We refer to the process of gathering this data as relevance judgment, that is, collecting human judgment about the relevance of search results. The basic task goes like this: we present a judge with an eBay item, and a search engine query, and we ask the judge to assess how relevant the item is to the query on a four-point scale. For example, suppose the query is ipod nano 16Gb and the item is a brand new Apple 6th generation iPod nano 16Gb. The judge might decide that this is a “great result” (which might be, say, our top rating on the four-point scale), click on a radio button to record their vote, and move on to the next task.
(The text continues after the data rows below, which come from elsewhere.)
text \<open>Call x and y connected if x = y or some alternating \<open>\<tau>\<close>-path joins them. Since \<open>\<tau>\<close> is
an orbit, connectedness is an Aut-invariant relation; it is symmetric (reverse a path) and
transitive, because without algebraicity the interior of one path can be moved off the other
by an automorphism fixing its endpoints, after which the two paths concatenate. The setwise
stabiliser of the class of a is therefore an open subgroup containing the stabilisers of
all points of the class. If it were proper, weak elimination of imaginaries would give a
finite set A whose stabiliser has finite index in it; the finitely many translates of A form
a finite set invariant under the stabiliser of every point of the class, so without
algebraicity A would be empty as soon as the class has two points, which it does. Hence the
stabiliser is all of Aut, and transitivity connects a to b by a path of some length k.
Moving its interior off a finite set again uses no algebraicity, and iterating this
yields infinitely many paths of length k with disjoint interiors.\<close>

lemma id_in_Aut: "id \<in> Aut M I"
  unfolding Aut_def iso_def by (auto simp: bij_betw_def)

lemma Aut_in_carrier: "g \<in> Aut M I \<Longrightarrow> x \<in> M \<Longrightarrow> g x \<in> M"
  unfolding Aut_def iso_def bij_betw_def by auto

lemma Aut_inj_on: "g \<in> Aut M I \<Longrightarrow> inj_on g M"
  unfolding Aut_def iso_def bij_betw_def by auto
If the item was a car that had an iPod adapter in it, the judge might decide this result is “irrelevant” (say the lowest rating on the four point scale). If it were a Samsung mp3 player, it might be “partially relevant” (say the second-to-lowest), and if it were a used Apple iPod nano 2nd generation that’s missing its headphones, the judge might say “relevant” (it’s not perfect, but it sure is an Apple iPod).

The judgment process is subjective, and different people will make different choices. If the query is shoes and the item we show the judge is just one shoe from a pair: is it irrelevant, partially relevant, or maybe even relevant? There are many arguments you could make: a shoe isn’t shoes, so it’s irrelevant; a shoe is half of a pair of shoes, and so it’s partially relevant; or, maybe there’s a complicated argument you can make about it being relevant. I guess we’d all agree it isn’t a great result. There are two ways we address subjectivity: first, we ask multiple judges to assess the same results to get an average score; and, second, we judge thousands of queries, so that we can compute metrics and be confident statistically that the numbers we see represent true differences in performance between algorithms.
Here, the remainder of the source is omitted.